> REQUIRED ACTION
For this exercise, transcribe the records below without changing a word.

· · · · ·

(* Let $\mathcal X$ be a finite abelian group, $\mathcal Z$ a finite set, $P_{XZ}$ a distribution on $\mathcal X\times\mathcal Z$, and consider the conditional additive channel $W_{XZ|X}(x,z|x'):=P_{XZ}(x-x',z)$ from $\mathcal X$ to $\mathcal X\times\mathcal Z$. For any finite set $\mathcal M$, any distribution $P_M$ on $\mathcal M$ and any $c>0$, \[ P_{js}(P_M,W_{XZ|X})\le \sum_{\substack{(m,x,z):\ P_{XZ}(x,z)>0,\\ P_M(m)P_{X|Z}(x|z)\le c/|\mathcal X|}}P_M(m)P_{XZ}(x,z)\;+\;\frac1c, \] where $P_{X|Z}(x|z):=P_{XZ}(x,z)/P_Z(z)$ and $P_Z(z):=\sum_xP_{XZ}(x,z)$.
   Context: A code $\phi=(\mathsf e,\mathsf d)$ for a channel $W_{Y|X}$ consists of $\mathsf e:\mathcal M\to\mathcal X$ and $\mathsf d:\mathcal Y\to\mathcal M$ (here $\mathcal Y=\mathcal X\times\mathcal Z$); $P_{js}[\phi|P_M,W_{Y|X}]:=\sum_{m}P_M(m)W_{Y|X}(\{y:\mathsf d(y)\ne m\}|\mathsf e(m))$ and $P_{js}(P_M,W_{Y|X}):=\inf_\phi P_{js}[\phi|P_M,W_{Y|X}]$. *)

theory Defs
  imports "HOL-Analysis.Analysis"
begin

definition is_distr :: "('a::finite \<Rightarrow> real) \<Rightarrow> bool" where
  "is_distr P \<longleftrightarrow> (\<forall>a. 0 \<le> P a) \<and> (\<Sum>a\<in>UNIV. P a) = 1"

text \<open>Error probability of the code (e, d) for message distribution PM and
  channel W (W x y = probability of output y given input x).\<close>
definition js_error ::
  "('m::finite \<Rightarrow> real) \<Rightarrow> ('a \<Rightarrow> 'b::finite \<Rightarrow> real) \<Rightarrow> ('m \<Rightarrow> 'a) \<Rightarrow> ('b \<Rightarrow> 'm) \<Rightarrow> real" where
  "js_error PM W e d = (\<Sum>m\<in>UNIV. PM m * (\<Sum>y\<in>{y. d y \<noteq> m}. W (e m) y))"

definition P_js ::
  "('m::finite \<Rightarrow> real) \<Rightarrow> ('a \<Rightarrow> 'b::finite \<Rightarrow> real) \<Rightarrow> real" where
  "P_js PM W = (INF ed\<in>(UNIV :: (('m \<Rightarrow> 'a) \<times> ('b \<Rightarrow> 'm)) set). js_error PM W (fst ed) (snd ed))"

definition cond_add_channel ::
  "('x::ab_group_add \<times> 'z \<Rightarrow> real) \<Rightarrow> 'x \<Rightarrow> 'x \<times> 'z \<Rightarrow> real" where
  "cond_add_channel PXZ x' y = PXZ (fst y - x', snd y)"

definition marg_Z :: "('x::finite \<times> 'z \<Rightarrow> real) \<Rightarrow> 'z \<Rightarrow> real" where
  "marg_Z PXZ z = (\<Sum>x\<in>UNIV. PXZ (x, z))"

definition cond_X_Z :: "('x::finite \<times> 'z \<Rightarrow> real) \<Rightarrow> 'x \<Rightarrow> 'z \<Rightarrow> real" where
  "cond_X_Z PXZ x z = PXZ (x, z) / marg_Z PXZ z"

end

theory Submission
  imports Defs
begin

text \<open>Random coding with a threshold decoder. Given the output (y, z), decode to any message m'
  with PM(m') P_X|Z(y - e(m') | z) > t. The true message m, sent with noise (x, z), is lost only
  if it fails the threshold itself, which costs the first sum, or if some m' ~= m passes it at
  y - e(m') = e(m) + x - e(m'). Averaged over all encoders e this difference is uniform on X, so
  the expected number of such competitors is at most 1/|X| times the number of pairs (m', x')
  above the threshold, which by Markov's inequality is at most 1/t. For t = c/|X| this is 1/c,
  and some encoder does no worse than the average.\<close>

lemma ex_le_of_sum_le_card_mult:
  fixes f :: "'a \<Rightarrow> real"
  assumes "finite A" and "A \<noteq> {}" and "sum f A \<le> real (card A) * K"
  shows "\<exists>a\<in>A. f a \<le> K"
proof (rule ccontr)
  assume "\<not> ?thesis"
  then have "(\<Sum>a\<in>A. K) < sum f A"
    using assms(1,2) by (intro sum_strict_mono) auto
  with assms(3) show False by simp
qed

lemma of_bool_less_le_divide:
  fixes f t :: real
  assumes "0 \<le> f" and "0 < t"
  shows "of_bool (t < f) \<le> f / t"
  using assms by (simp add: of_bool_def)

lemma sum_shift_difference_funs:
  fixes h :: "'x::{ab_group_add,finite} \<Rightarrow> real" and m m' :: "'m::finite"
  assumes "m \<noteq> m'"
  shows "(\<Sum>e\<in>UNIV. h (e m + a - e m')) * real CARD('x) = real CARD('m \<Rightarrow> 'x) * (\<Sum>x\<in>UNIV. h x)"
proof -
  have shift_invariant: "(\<Sum>e\<in>UNIV. h (e m + a - e m')) = (\<Sum>e\<in>UNIV. h (e m + a - e m' - b))" for b
  proof -
    \<comment> \<open>moving the codeword of m' by b permutes the encoders and leaves e m unchanged\<close>
    have "(\<Sum>e\<in>UNIV. h (e m + a - e m'))
       = (\<Sum>e\<in>UNIV. h ((e(m' := e m' + b)) m + a - (e(m' := e m' + b)) m'))"
      by (rule sum.reindex_bij_witness[where i="\<lambda>e. e(m' := e m' + b)" and j="\<lambda>e. e(m' := e m' - b)"]) auto
    also have "\<dots> = (\<Sum>e\<in>UNIV. h (e m + a - e m' - b))"
      using assms by (simp add: algebra_simps)
    finally show ?thesis .
  qed
  have "(\<Sum>e\<in>UNIV. h (e m + a - e m')) * real CARD('x)
      = (\<Sum>b\<in>UNIV. \<Sum>e\<in>UNIV. h (e m + a - e m' - b))"
    using shift_invariant by simp
  also have "\<dots> = (\<Sum>e\<in>UNIV. \<Sum>b\<in>UNIV. h (e m + a - e m' - b))"
    by (rule sum.swap)
  also have "\<dots> = (\<Sum>e\<in>(UNIV :: ('m \<Rightarrow> 'x) set). \<Sum>x\<in>UNIV. h x)"
    by (intro sum.cong refl sum.reindex_bij_witness[where i="\<lambda>x. _ - x" and j="\<lambda>x. _ - x"]) auto
  finally show ?thesis by simp
qed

· · · · ·

> COMPLETED EXERCISE
(* Let $\mathcal X$ be a finite abelian group, $\mathcal Z$ a finite set, $P_{XZ}$ a distribution on $\mathcal X\times\mathcal Z$, and consider the conditional additive channel $W_{XZ|X}(x,z|x'):=P_{XZ}(x-x',z)$ from $\mathcal X$ to $\mathcal X\times\mathcal Z$. For any finite set $\mathcal M$, any distribution $P_M$ on $\mathcal M$ and any $c>0$, \[ P_{js}(P_M,W_{XZ|X})\le \sum_{\substack{(m,x,z):\ P_{XZ}(x,z)>0,\\ P_M(m)P_{X|Z}(x|z)\le c/|\mathcal X|}}P_M(m)P_{XZ}(x,z)\;+\;\frac1c, \] where $P_{X|Z}(x|z):=P_{XZ}(x,z)/P_Z(z)$ and $P_Z(z):=\sum_xP_{XZ}(x,z)$.
   Context: A code $\phi=(\mathsf e,\mathsf d)$ for a channel $W_{Y|X}$ consists of $\mathsf e:\mathcal M\to\mathcal X$ and $\mathsf d:\mathcal Y\to\mathcal M$ (here $\mathcal Y=\mathcal X\times\mathcal Z$); $P_{js}[\phi|P_M,W_{Y|X}]:=\sum_{m}P_M(m)W_{Y|X}(\{y:\mathsf d(y)\ne m\}|\mathsf e(m))$ and $P_{js}(P_M,W_{Y|X}):=\inf_\phi P_{js}[\phi|P_M,W_{Y|X}]$. *)

theory Defs
  imports "HOL-Analysis.Analysis"
begin

definition is_distr :: "('a::finite \<Rightarrow> real) \<Rightarrow> bool" where
  "is_distr P \<longleftrightarrow> (\<forall>a. 0 \<le> P a) \<and> (\<Sum>a\<in>UNIV. P a) = 1"

text \<open>Error probability of the code (e, d) for message distribution PM and
  channel W (W x y = probability of output y given input x).\<close>
definition js_error ::
  "('m::finite \<Rightarrow> real) \<Rightarrow> ('a \<Rightarrow> 'b::finite \<Rightarrow> real) \<Rightarrow> ('m \<Rightarrow> 'a) \<Rightarrow> ('b \<Rightarrow> 'm) \<Rightarrow> real" where
  "js_error PM W e d = (\<Sum>m\<in>UNIV. PM m * (\<Sum>y\<in>{y. d y \<noteq> m}. W (e m) y))"

definition P_js ::
  "('m::finite \<Rightarrow> real) \<Rightarrow> ('a \<Rightarrow> 'b::finite \<Rightarrow> real) \<Rightarrow> real" where
  "P_js PM W = (INF ed\<in>(UNIV :: (('m \<Rightarrow> 'a) \<times> ('b \<Rightarrow> 'm)) set). js_error PM W (fst ed) (snd ed))"

definition cond_add_channel ::
  "('x::ab_group_add \<times> 'z \<Rightarrow> real) \<Rightarrow> 'x \<Rightarrow> 'x \<times> 'z \<Rightarrow> real" where
  "cond_add_channel PXZ x' y = PXZ (fst y - x', snd y)"

definition marg_Z :: "('x::finite \<times> 'z \<Rightarrow> real) \<Rightarrow> 'z \<Rightarrow> real" where
  "marg_Z PXZ z = (\<Sum>x\<in>UNIV. PXZ (x, z))"

definition cond_X_Z :: "('x::finite \<times> 'z \<Rightarrow> real) \<Rightarrow> 'x \<Rightarrow> 'z \<Rightarrow> real" where
  "cond_X_Z PXZ x z = PXZ (x, z) / marg_Z PXZ z"

end

theory Submission
  imports Defs
begin

text \<open>Random coding with a threshold decoder. Given the output (y, z), decode to any message m'
  with PM(m') P_X|Z(y - e(m') | z) > t. The true message m, sent with noise (x, z), is lost only
  if it fails the threshold itself, which costs the first sum, or if some m' ~= m passes it at
  y - e(m') = e(m) + x - e(m'). Averaged over all encoders e this difference is uniform on X, so
  the expected number of such competitors is at most 1/|X| times the number of pairs (m', x')
  above the threshold, which by Markov's inequality is at most 1/t. For t = c/|X| this is 1/c,
  and some encoder does no worse than the average.\<close>

lemma ex_le_of_sum_le_card_mult:
  fixes f :: "'a \<Rightarrow> real"
  assumes "finite A" and "A \<noteq> {}" and "sum f A \<le> real (card A) * K"
  shows "\<exists>a\<in>A. f a \<le> K"
proof (rule ccontr)
  assume "\<not> ?thesis"
  then have "(\<Sum>a\<in>A. K) < sum f A"
    using assms(1,2) by (intro sum_strict_mono) auto
  with assms(3) show False by simp
qed

lemma of_bool_less_le_divide:
  fixes f t :: real
  assumes "0 \<le> f" and "0 < t"
  shows "of_bool (t < f) \<le> f / t"
  using assms by (simp add: of_bool_def)

lemma sum_shift_difference_funs:
  fixes h :: "'x::{ab_group_add,finite} \<Rightarrow> real" and m m' :: "'m::finite"
  assumes "m \<noteq> m'"
  shows "(\<Sum>e\<in>UNIV. h (e m + a - e m')) * real CARD('x) = real CARD('m \<Rightarrow> 'x) * (\<Sum>x\<in>UNIV. h x)"
proof -
  have shift_invariant: "(\<Sum>e\<in>UNIV. h (e m + a - e m')) = (\<Sum>e\<in>UNIV. h (e m + a - e m' - b))" for b
  proof -
    \<comment> \<open>moving the codeword of m' by b permutes the encoders and leaves e m unchanged\<close>
    have "(\<Sum>e\<in>UNIV. h (e m + a - e m'))
       = (\<Sum>e\<in>UNIV. h ((e(m' := e m' + b)) m + a - (e(m' := e m' + b)) m'))"
      by (rule sum.reindex_bij_witness[where i="\<lambda>e. e(m' := e m' + b)" and j="\<lambda>e. e(m' := e m' - b)"]) auto
    also have "\<dots> = (\<Sum>e\<in>UNIV. h (e m + a - e m' - b))"
      using assms by (simp add: algebra_simps)
    finally show ?thesis .
  qed
  have "(\<Sum>e\<in>UNIV. h (e m + a - e m')) * real CARD('x)
      = (\<Sum>b\<in>UNIV. \<Sum>e\<in>UNIV. h (e m + a - e m' - b))"
    using shift_invariant by simp
  also have "\<dots> = (\<Sum>e\<in>UNIV. \<Sum>b\<in>UNIV. h (e m + a - e m' - b))"
    by (rule sum.swap)
  also have "\<dots> = (\<Sum>e\<in>(UNIV :: ('m \<Rightarrow> 'x) set). \<Sum>x\<in>UNIV. h x)"
    by (intro sum.cong refl sum.reindex_bij_witness[where i="\<lambda>x. _ - x" and j="\<lambda>x. _ - x"]) auto
  finally show ?thesis by simp
qed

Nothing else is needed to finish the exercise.